▶ EXERCISE OBJECTIVE: Please tally the lines in the data below that include the string "prems", and reply with only the total.

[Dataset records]

- Opening Delimiter -

(* The para-octonionic projective plane $\mathbb O'P^2$ (with the metric below) is not locally isotropic: there exist a point $P$ and nonzero tangent vectors $v,w\in T_P\mathbb O'P^2$ with $g(v,v)=g(w,w)$ such that no local isometry fixing $P$ has differential taking $v$ to $w$.
   Context: Para-octonions $\mathbb O'=\mathbb H\oplus\mathbb H$ with product $(q_1,q_2)(p_1,p_2)=(q_1p_1+\bar p_2q_2,\ p_2q_1+q_2\bar p_1)$, conjugation $\overline{(q_1,q_2)}=(\bar q_1,-q_2)$, $\langle a,b\rangle=\mathrm{Re}(a\bar b)$, $|a|^2=\langle a,a\rangle$. $\mathbb O'P^2=\mathcal U/_\sim$ where $\mathcal U=\{(1,y,z):1+|y|^2+|z|^2>0\}\cup\{(x,1,z):|x|^2+1+|z|^2>0\}\cup\{(x,y,1):|x|^2+|y|^2+1>0\}\subset\mathbb O'^3$ and $[a,b,c]\sim[d,e,f]$ iff $(a,b,c)=(d\lambda,e\lambda,f\lambda)$ for some $\lambda$ with $|\lambda|^2>0$; charts $[1,u,v]\mapsto(u,v)$, $[u,1,v]\mapsto(u,v)$, $[u,v,1]\mapsto(u,v)$; metric of signature $(8,8)$ on each chart, for tangent vector $(du,dv)=(\xi,\eta)$: $ds^2=\frac{|\xi|^2(1+|v|^2)+|\eta|^2(1+|u|^2)-2\mathrm{Re}[(u\bar v)(\eta\bar\xi)]}{(1+|u|^2+|v|^2)^2}$. A semi-Riemannian manifold is locally isotropic if for every point $P$ and any two nonzero $v,w\in T_PM$ with $g(v,v)=g(w,w)$ there is a local isometry fixing $P$ whose differential at $P$ maps $v$ to $w$. *)

theory Defs
  imports "HOL-Analysis.Analysis"
begin

type_synonym quat = "real \<times> real \<times> real \<times> real"
type_synonym poct = "quat \<times> quat"
(* Let $n$ be an even positive integer, $m\ge 2$ an integer, and $f$ an integer with $1\le f\le m/2$ and $\gcd(f,m)=1$. Let $G$ be the dense Random Integer Generation game with $n$ players, $m$ strategies and parameter $f$ (defined in the context). Let $\bar{\sigma}$ be the mixed strategy profile in which every player plays the uniform distribution $(1/m,\dots,1/m)$ on $\{0,1,\dots,m-1\}$. Then $\bar{\sigma}$ is an alliance-resistant Nash equilibrium of $G$, and it is the only Nash equilibrium of $G$.
   Context: A one-shot game with $n$ players consists of finite pure-strategy sets $S_1,\dots,S_n$ and utility functions $u_i : S_1\times\cdots\times S_n \to \mathbb{R}$; players choose simultaneously and independently. A mixed strategy for player $i$ is a probability distribution $\sigma_i$ on $S_i$; a mixed strategy profile is $\sigma=(\sigma_1,\dots,\sigma_n)$, and $u_i(\sigma)$ denotes the expected utility when each $s_i$ is drawn independently from $\sigma_i$. A profile $\sigma$ is a Nash equilibrium if for every player $i$ and every mixed strategy $\tilde\sigma_i$ of player $i$, $u_i(\sigma) \ge u_i(\tilde\sigma_i, \sigma_{-i})$. A profile $\sigma$ is an alliance-resistant Nash equilibrium if for every non-empty set $P$ of players and every choice of mixed strategies $\tilde\sigma_P$ for the members of $P$, $u_P(\sigma) \ge u_P(\tilde\sigma_P, \sigma_{-P})$, where $u_P$ is the sum of the utilities of the members of $P$. Define $g:\mathbb{Z}\to\{-1,0,1\}$ by: writing $l$ modulo $m$ as a representative in $\{0,\dots,m-1\}$, $g(l)=1$ if $0\le l\le f-1$, $g(l)=-1$ if $m-f\le l\le m-1$, and $g(l)=0$ otherwise. Let $B=B^{(m,f)}$ be the $m\times m$ matrix with rows and columns indexed by $\{0,\dots,m-1\}$ and entries $B_{a,b}=g(b-a)$. The dense RIG game: each player $i\in\{1,\dots,n\}$ has pure strategy set $\{0,1,\dots,m-1\}$; players are paired as $(2k-1,2k)$ for $k=1,\dots,n/2$; at outcome $s=(s_1,\dots,s_n)$ player $2k-1$ receives $B_{s_{2k-1},s_{2k}}$ and player $2k$ receives $-B_{s_{2k-1},s_{2k}}$. *)

theory Defs
  imports Complex_Main "HOL-Library.FuncSet"
begin

text \<open>A finite game in normal form is given by a finite set of players N,
pure-strategy sets S i (finite) and utilities u i :: (player => strategy) => real,
where a pure outcome is an element of PiE N S.\<close>

definition mixed_strategy :: "'a set \<Rightarrow> ('a \<Rightarrow> real) \<Rightarrow> bool" where
  "mixed_strategy A p \<longleftrightarrow> (\<forall>x\<in>A. 0 \<le> p x) \<and> sum p A = 1"

definition mixed_profile :: "'p set \<Rightarrow> ('p \<Rightarrow> 'a set) \<Rightarrow> ('p \<Rightarrow> 'a \<Rightarrow> real) \<Rightarrow> bool" where
  "mixed_profile N S \<sigma> \<longleftrightarrow> (\<forall>i\<in>N. mixed_strategy (S i) (\<sigma> i))"

definition exp_util ::
  "'p set \<Rightarrow> ('p \<Rightarrow> 'a set) \<Rightarrow> ('p \<Rightarrow> ('p \<Rightarrow> 'a) \<Rightarrow> real) \<Rightarrow> ('p \<Rightarrow> 'a \<Rightarrow> real) \<Rightarrow> 'p \<Rightarrow> real" where
  "exp_util N S u \<sigma> i = (\<Sum>s\<in>PiE N S. (\<Prod>j\<in>N. \<sigma> j (s j)) * u i s)"

definition deviate :: "'p set \<Rightarrow> ('p \<Rightarrow> 'a \<Rightarrow> real) \<Rightarrow> ('p \<Rightarrow> 'a \<Rightarrow> real) \<Rightarrow> ('p \<Rightarrow> 'a \<Rightarrow> real)" where
  "deviate P \<tau> \<sigma> = (\<lambda>j. if j \<in> P then \<tau> j else \<sigma> j)"

definition nash_equilibrium ::
  "'p set \<Rightarrow> ('p \<Rightarrow> 'a set) \<Rightarrow> ('p \<Rightarrow> ('p \<Rightarrow> 'a) \<Rightarrow> real) \<Rightarrow> ('p \<Rightarrow> 'a \<Rightarrow> real) \<Rightarrow> bool" where
  "nash_equilibrium N S u \<sigma> \<longleftrightarrow> mixed_profile N S \<sigma> \<and>
     (\<forall>i\<in>N. \<forall>p. mixed_strategy (S i) p \<longrightarrow>
        exp_util N S u (\<sigma>(i := p)) i \<le> exp_util N S u \<sigma> i)"

definition alliance_resistant_NE ::
  "'p set \<Rightarrow> ('p \<Rightarrow> 'a set) \<Rightarrow> ('p \<Rightarrow> ('p \<Rightarrow> 'a) \<Rightarrow> real) \<Rightarrow> ('p \<Rightarrow> 'a \<Rightarrow> real) \<Rightarrow> bool" where
  "alliance_resistant_NE N S u \<sigma> \<longleftrightarrow> mixed_profile N S \<sigma> \<and>
     (\<forall>P. P \<subseteq> N \<longrightarrow> P \<noteq> {} \<longrightarrow> (\<forall>\<tau>. (\<forall>i\<in>P. mixed_strategy (S i) (\<tau> i)) \<longrightarrow>
        (\<Sum>i\<in>P. exp_util N S u (deviate P \<tau> \<sigma>) i) \<le> (\<Sum>i\<in>P. exp_util N S u \<sigma> i)))"

definition rig_g :: "int \<Rightarrow> int \<Rightarrow> int \<Rightarrow> int" where
  "rig_g m f l = (let r = l mod m in
      if 0 \<le> r \<and> r \<le> f - 1 then 1 else if m - f \<le> r \<and> r \<le> m - 1 then -1 else 0)"

definition rig_B :: "nat \<Rightarrow> nat \<Rightarrow> nat \<Rightarrow> nat \<Rightarrow> int" where
  "rig_B m f a b = rig_g (int m) (int f) (int b - int a)"

definition rig_players :: "nat \<Rightarrow> nat set" where
  "rig_players n = {1..n}"

definition rig_strats :: "nat \<Rightarrow> nat \<Rightarrow> nat set" where
  "rig_strats m i = {0..<m}"

definition rig_util :: "nat \<Rightarrow> nat \<Rightarrow> nat \<Rightarrow> (nat \<Rightarrow> nat) \<Rightarrow> real" where
  "rig_util m f i s = (if odd i then real_of_int (rig_B m f (s i) (s (i + 1)))
                       else - real_of_int (rig_B m f (s (i - 1)) (s i)))"

definition uniform_profile :: "nat \<Rightarrow> nat \<Rightarrow> nat \<Rightarrow> real" where
  "uniform_profile m i x = 1 / real m"

end

theory Submission
  imports Defs
begin

(* The game splits into independent two-player zero-sum games between partners 2k-1 and 2k,
   played with the circulant matrix B, whose row and column sums all vanish.  Hence a player
   facing a uniformly mixing partner earns 0 whatever he does, and inside an alliance the
   payoffs of partners cancel; so no alliance gains against the uniform profile.
   Conversely, in any equilibrium both partners must make every pure reply of the other
   worthless: the equilibrium payoff v lies below every column payoff and above every row payoff,
   and these margins sum to 0, so they all vanish.  A vanishing margin p B = 0 is a convolution
   identity for g, which says that the window sums W b = p(b) + ... + p(b-f+1) are f-periodic
   modulo m; since gcd(f, m) = 1 they are constant, which makes p itself f-periodic and hence
   constant. *)

lemma sum_PiE_prod_indicator:
  fixes \<sigma> :: "'p \<Rightarrow> 'a \<Rightarrow> real"
  assumes N: "finite N" and S: "\<And>j. j \<in> N \<Longrightarrow> finite (S j)"
    and \<sigma>: "\<And>j. j \<in> N \<Longrightarrow> sum (\<sigma> j) (S j) = 1"
    and ik: "i \<in> N" "k \<in> N" "i \<noteq> k" and xy: "x \<in> S i" "y \<in> S k"
  shows "(\<Sum>s\<in>PiE N S. (\<Prod>j\<in>N. \<sigma> j (s j)) * of_bool (s i = x \<and> s k = y)) = \<sigma> i x * \<sigma> k y"
proof -
  define \<tau> where "\<tau> j z = \<sigma> j z * (if j = i then of_bool (z = x) else 1)
    * (if j = k then of_bool (z = y) else 1)" for j z
  have "(\<Prod>j\<in>N. \<sigma> j (s j)) * of_bool (s i = x \<and> s k = y) = (\<Prod>j\<in>N. \<tau> j (s j))" for s
    using N ik by (simp add: \<tau>_def prod.distrib)
  then have "(\<Sum>s\<in>PiE N S. (\<Prod>j\<in>N. \<sigma> j (s j)) * of_bool (s i = x \<and> s k = y))
      = (\<Prod>j\<in>N. \<Sum>z\<in>S j. \<tau> j z)"
    using N S by (simp add: prod_sum_PiE)
  also have "\<dots> = (\<Prod>j\<in>N. (if j = i then \<sigma> i x else 1) * (if j = k then \<sigma> k y else 1))"
  proof (intro prod.cong refl)
    fix j assume j: "j \<in> N"
    have "\<tau> j = (if j = i then (\<lambda>z. if z = x then \<sigma> i x else 0)
        else if j = k then (\<lambda>z. if z = y then \<sigma> k y else 0) else \<sigma> j)"
      using ik by (auto simp: \<tau>_def)
    then show "(\<Sum>z\<in>S j. \<tau> j z) = (if j = i then \<sigma> i x else 1) * (if j = k then \<sigma> k y else 1)"
      using S \<sigma>[OF j] ik xy by simp
  qed
  also have "\<dots> = \<sigma> i x * \<sigma> k y"
    using N ik by (simp add: prod.distrib)
  finally show ?thesis .
qed
(* Let $R$ be a Noetherian ring, let $I$ be a proper ideal of $R$, and let $n$ be an integer with $n\geq \operatorname{ara}(I)$. If every $(n+1)$-generated ideal $J\subseteq I$ with $\sqrt{J}=\sqrt{I}$ has an $n$-generated reduction, then $I$ has an $n$-generated reduction.
   Context: The arithmetic rank $\operatorname{ara}(I)$ of a proper ideal $I$ of a Noetherian ring $R$ is the least number $n$ such that $\sqrt{I}=\sqrt{(x_1,\ldots,x_n)R}$ for some $x_1,\ldots,x_n\in I$. A reduction of an ideal $I$ is an ideal $J\subseteq I$ such that $I^{m+1}=JI^m$ for some $m>0$; it is $n$-generated if it can be generated by $n$ elements. *)

theory Defs
  imports "HOL-Algebra.Ideal_Product" "HOL-Algebra.Ring_Divisibility"
begin

definition ideal_radical :: "('a, 'b) ring_scheme \<Rightarrow> 'a set \<Rightarrow> 'a set" where
  "ideal_radical R I = {x \<in> carrier R. \<exists>k::nat. x [^]\<^bsub>R\<^esub> k \<in> I}"

fun ideal_pow :: "('a, 'b) ring_scheme \<Rightarrow> 'a set \<Rightarrow> nat \<Rightarrow> 'a set" where
  "ideal_pow R I 0 = carrier R"
| "ideal_pow R I (Suc m) = ideal_prod R I (ideal_pow R I m)"

definition n_generated :: "('a, 'b) ring_scheme \<Rightarrow> nat \<Rightarrow> 'a set \<Rightarrow> bool" where
  "n_generated R n J \<longleftrightarrow>
     (\<exists>xs. length xs = n \<and> set xs \<subseteq> carrier R \<and> J = Idl\<^bsub>R\<^esub> (set xs))"

definition ara :: "('a, 'b) ring_scheme \<Rightarrow> 'a set \<Rightarrow> nat" where
  "ara R I = (LEAST n. \<exists>xs. length xs = n \<and> set xs \<subseteq> I \<and>
                 ideal_radical R (Idl\<^bsub>R\<^esub> (set xs)) = ideal_radical R I)"

definition is_reduction :: "('a, 'b) ring_scheme \<Rightarrow> 'a set \<Rightarrow> 'a set \<Rightarrow> bool" where
  "is_reduction R J I \<longleftrightarrow> ideal J R \<and> J \<subseteq> I \<and>
     (\<exists>m>0. ideal_pow R I (Suc m) = ideal_prod R J (ideal_pow R I m))"

end

theory Submission
  imports Defs
begin

text \<open>Pad a list of ara(I) elements of I with the same radical as I by zeros to a list x of
  length n, and add the finitely many generators b of I one at a time, keeping an n-generated
  reduction K of the ideal generated so far. The ideal K + (b) is (n+1)-generated, lies in I and
  has the radical of I, so by hypothesis it has an n-generated reduction K'. Since reductions are
  stable under adding an ideal, K + (b) is a reduction of the next ideal, and by transitivity of
  reductions so is K'.\<close>

lemma ideal_prod_mono:
  assumes "A \<subseteq> A'" "B \<subseteq> B'"
  shows "ideal_prod R A B \<subseteq> ideal_prod R A' B'"
proof
  fix x assume "x \<in> ideal_prod R A B"
  then show "x \<in> ideal_prod R A' B'"
    by (induct x rule: ideal_prod.induct) (use assms in \<open>auto intro: ideal_prod.intros\<close>)
qed

lemma ideal_pow_mono: "I \<subseteq> J \<Longrightarrow> ideal_pow R I k \<subseteq> ideal_pow R J k"
  by (induct k) (simp_all add: ideal_prod_mono)

lemma set_add_mono: "X \<subseteq> X' \<Longrightarrow> set_add R X Y \<subseteq> set_add R X' Y"
  unfolding set_add_def' by blast

lemma ideal_radical_mono: "I \<subseteq> J \<Longrightarrow> ideal_radical R I \<subseteq> ideal_radical R J"
  unfolding ideal_radical_def by blast

context ring
begin

lemma set_add_subset_ideal:
  assumes "ideal Z R" "X \<subseteq> Z" "Y \<subseteq> Z"
  shows "set_add R X Y \<subseteq> Z"
  using assms additive_subgroup.a_closed[OF ideal.axioms(1)[OF assms(1)]]
  unfolding set_add_def' by blast

lemma Un_subset_set_add:
  assumes "ideal X R" "ideal Y R"
  shows "X \<union> Y \<subseteq> set_add R X Y"
  using genideal_self[of "X \<union> Y"] union_genideal[OF assms] ideal.Icarr[OF assms(1)] ideal.Icarr[OF assms(2)]
  by blast

lemma genideal_Un:
  assumes "S \<subseteq> carrier R" "T \<subseteq> carrier R"
  shows "Idl (S \<union> T) = set_add R (Idl S) (Idl T)"
proof -
  have ideals: "ideal (Idl S) R" "ideal (Idl T) R"
    using assms by (simp_all add: genideal_ideal)
  have "set_add R (Idl S) (Idl T) \<subseteq> Idl (S \<union> T)"
    using assms by (intro set_add_subset_ideal genideal_ideal subset_Idl_subset) auto
  moreover have "Idl (S \<union> T) \<subseteq> set_add R (Idl S) (Idl T)"
    using Un_subset_set_add[OF ideals] genideal_self[OF assms(1)] genideal_self[OF assms(2)]
    by (intro genideal_minimal add_ideals ideals) blast
  ultimately show ?thesis by blast
qed

lemma genideal_insert_zero:
  assumes "S \<subseteq> carrier R"
  shows "Idl (insert \<zero> S) = Idl S"
proof -
  have "\<zero> \<in> Idl S"
    using genideal_ideal[OF assms] by (simp add: additive_subgroup.zero_closed ideal.axioms(1))
  then show ?thesis
    using assms genideal_self[OF assms]
    by (intro equalityI genideal_minimal genideal_ideal subset_Idl_subset) auto
qed

lemma ideal_pow_is_ideal: "ideal I R \<Longrightarrow> ideal (ideal_pow R I k) R"
  by (induct k) (simp_all add: oneideal ideal_prod_is_ideal)

lemma nat_pow_mem_ideal_pow:
  assumes "ideal I R" "x \<in> I"
  shows "x [^] k \<in> ideal_pow R I k"
proof (induct k)
  case 0
  then show ?case using assms by (simp add: ideal.Icarr)
next
  case (Suc k)
  have "x \<otimes> x [^] k \<in> ideal_prod R I (ideal_pow R I k)"
    by (rule ideal_prod.prod[OF assms(2) Suc])
  then show ?case by (simp only: ideal_pow.simps nat_pow_Suc2[OF ideal.Icarr[OF assms]])
qed

lemma is_reduction_refl: "ideal I R \<Longrightarrow> is_reduction R I I"
  unfolding is_reduction_def by (auto intro!: exI[of _ "Suc 0"])

lemma is_reduction_radical_eq:
  assumes "is_reduction R K L" "ideal L R"
  shows "ideal_radical R K = ideal_radical R L"
proof
  from assms obtain m where K: "ideal K R" "K \<subseteq> L"
    and m: "ideal_pow R L (Suc m) = ideal_prod R K (ideal_pow R L m)"
    unfolding is_reduction_def by auto
  show "ideal_radical R K \<subseteq> ideal_radical R L" by (rule ideal_radical_mono[OF K(2)])
  show "ideal_radical R L \<subseteq> ideal_radical R K"
  proof
    fix y assume "y \<in> ideal_radical R L"
    then obtain k :: nat where y: "y \<in> carrier R" "y [^] k \<in> L"
      unfolding ideal_radical_def by auto
    have "(y [^] k) [^] Suc m \<in> ideal_pow R L (Suc m)"
      by (rule nat_pow_mem_ideal_pow[OF assms(2) y(2)])
    also have "\<dots> \<subseteq> K"
      using m ideal_prod_inter[OF K(1) ideal_pow_is_ideal[OF assms(2)]] by auto
    finally have "y [^] (k * Suc m) \<in> K" by (simp only: nat_pow_pow[OF y(1)])
    then show "y \<in> ideal_radical R K" using y(1) unfolding ideal_radical_def by blast
  qed
qed

end

context cring
begin
section \<open>Adding column j to column i\<close>

lemma matrices_move_equiv_absorb_last:
  fixes B :: "nat \<Rightarrow> nat \<Rightarrow> enat"
  assumes i: "i < N" and "\<forall>b<Suc N. B N b = (if b = i then 1 else 0)" "\<exists>x<N. B x N \<noteq> 0"
  shows "matrices_move_equiv (Suc N) B N (\<lambda>a b. B a b + (if b = i then B a N else 0))"
  using assms(2,3)
proof (induction "card {x. x < N \<and> B x N \<noteq> 0}" arbitrary: B rule: less_induct)
  case less
  let ?S = "{x. x < N \<and> B x N \<noteq> 0}"
  obtain x where x: "x \<in> ?S" using less.prems(2) by blast
  show ?case
  proof (cases "?S = {x}")
    case True
    then have others: "\<forall>y<N. y \<noteq> x \<longrightarrow> B y N = 0" by auto
    with x have "matrices_move_equiv (Suc N) B N (\<lambda>a b. B a b + (if a = x \<and> b = i then B x N else 0))"
      using matrices_move_equiv_collapse_last[where B = B, OF i _ less.prems(1)] by simp
    then show ?thesis by (rule matrices_move_equiv_cong) (use others in auto)
  next
    case False
    then obtain y where y: "y \<in> ?S" "y \<noteq> x" using x by blast
    let ?D = "in_split_mat N B i x"
    define B' where "B' = (\<lambda>a b. ?D a b + (if a = x \<and> b = i then ?D x (Suc N) else 0))"
    have "matrices_move_equiv (Suc N) B (Suc (Suc N)) ?D"
      using matrices_move_equiv_in_split_mat[where B = B, OF i less.prems(1)] x y by blast
    moreover have "matrices_move_equiv (Suc (Suc N)) ?D (Suc N) B'"
      unfolding B'_def using matrices_move_equiv_collapse_last[of i "Suc N" x ?D] i x
      by (simp add: in_split_mat_def)
    ultimately have B_B': "matrices_move_equiv (Suc N) B (Suc N) B'"
      using matrices_move_equiv_trans[where a = N and b = i] i by (simp add: in_split_mat_def)
    have row': "\<forall>b<Suc N. B' N b = (if b = i then 1 else 0)"
      using x by (simp add: B'_def in_split_mat_def)
    have "{z. z < N \<and> B' z N \<noteq> 0} = ?S - {x}"
      using i by (auto simp: B'_def in_split_mat_def)
    moreover have "card (?S - {x}) < card ?S"
      using x by (intro card_Diff1_less) auto
    ultimately have "matrices_move_equiv (Suc N) B' N (\<lambda>a b. B' a b + (if b = i then B' a N else 0))"
      using less.hyps[of B'] row' y by auto
    then have "matrices_move_equiv (Suc N) B' N (\<lambda>a b. B a b + (if b = i then B a N else 0))"
      by (rule matrices_move_equiv_cong) (use x in \<open>auto simp: B'_def in_split_mat_def add.commute\<close>)
    then show ?thesis
      using matrices_move_equiv_trans[OF B_B', where a = N and b = i] i row' by simp
  qed
qed

lemma col_op_eq_absorbed_out_split_mat:
  assumes "a < n" "b < n" "A j i \<noteq> 0"
  shows "out_split_mat n A i j a b + (if b = i then out_split_mat n A i j a n else 0) = col_op A i j a b"
  using assms enat_minus_one_add[OF assms(3)] by (auto simp: out_split_mat_def col_op_def)

lemma matrices_move_equiv_col_op:
  assumes "i < n" "j < n" "i \<noteq> j" "A j i \<noteq> 0" "A j j \<noteq> 0"
  shows "matrices_move_equiv n A n (col_op A i j)"
proof -
  let ?B = "out_split_mat n A i j"
  have "matrices_move_equiv n A (Suc n) ?B"
    using matrices_move_equiv_out_split_mat[where A = A, OF assms] .
  moreover have "matrices_move_equiv (Suc n) ?B n (\<lambda>a b. ?B a b + (if b = i then ?B a n else 0))"
    using assms by (intro matrices_move_equiv_absorb_last) (auto simp: out_split_mat_def)
  ultimately have "matrices_move_equiv n A n (\<lambda>a b. ?B a b + (if b = i then ?B a n else 0))"
    using matrices_move_equiv_trans[where a = n and b = i] assms(1) by (simp add: out_split_mat_def)
  then show ?thesis
    by (rule matrices_move_equiv_cong) (use col_op_eq_absorbed_out_split_mat assms(4) in blast)
qed

lemma col_op_diag_nonzero: "i \<noteq> j \<Longrightarrow> A k k \<noteq> 0 \<Longrightarrow> col_op A i j k k \<noteq> 0"
  by (auto simp: col_op_def)

lemma le_col_op: "A j j \<noteq> 0 \<Longrightarrow> A a b \<le> col_op A i j a b"
  by (simp add: col_op_def enat_le_add_minus_one)

lemma irreducible_mat_mono:
  assumes "\<And>a b. a < m \<Longrightarrow> b < m \<Longrightarrow> A a b \<le> A' a b" "irreducible_mat m A"
  shows "irreducible_mat m A'"
proof -
  let ?R = "\<lambda>A a b. \<exists>e\<in>edges (matrix_graph m A). src (matrix_graph m A) e = a \<and> rng (matrix_graph m A) e = b"
  have "?R A a b \<Longrightarrow> ?R A' a b" for a b
    using assms(1) by (auto simp: matrix_graph_def intro: order_less_le_trans)
  then have "(?R A)\<^sup>*\<^sup>* \<le> (?R A')\<^sup>*\<^sup>*" by (intro rtranclp_mono) blast
  then show ?thesis using assms(2) unfolding irreducible_mat_def strongly_connected_def
    by (auto dest: predicate2D)
qed

theorem lemma7p2:
  fixes n i j :: nat and A :: "nat \<Rightarrow> nat \<Rightarrow> enat"
  assumes "\<forall>k<n. A k k \<noteq> 0"
    and "i < n" and "j < n" and "i \<noteq> j"
    and "A j i \<noteq> 0"
  shows "mat_move_equiv n A (col_op A i j) \<and>
         (\<forall>k<n. col_op A i j k k \<noteq> 0) \<and>
         (irreducible_mat n A \<longrightarrow> irreducible_mat n (col_op A i j)) \<and>
         (\<forall>m\<le>n. irreducible_mat m A \<longrightarrow> irreducible_mat m (col_op A i j))"
proof -
  have Ajj: "A j j \<noteq> 0" using assms(1,3) by blast
  have "irreducible_mat m A \<longrightarrow> irreducible_mat m (col_op A i j)" for m
    using irreducible_mat_mono le_col_op[where A = A and j = j, OF Ajj] by blast
  then show ?thesis
    using matrices_move_equiv_col_op[where A = A, OF assms(2-5) Ajj] col_op_diag_nonzero[OF assms(4)] assms(1)
    by (simp add: mat_move_equiv_iff)
qed

end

- Closing Delimiter -

▶ TASK SOLUTION: 3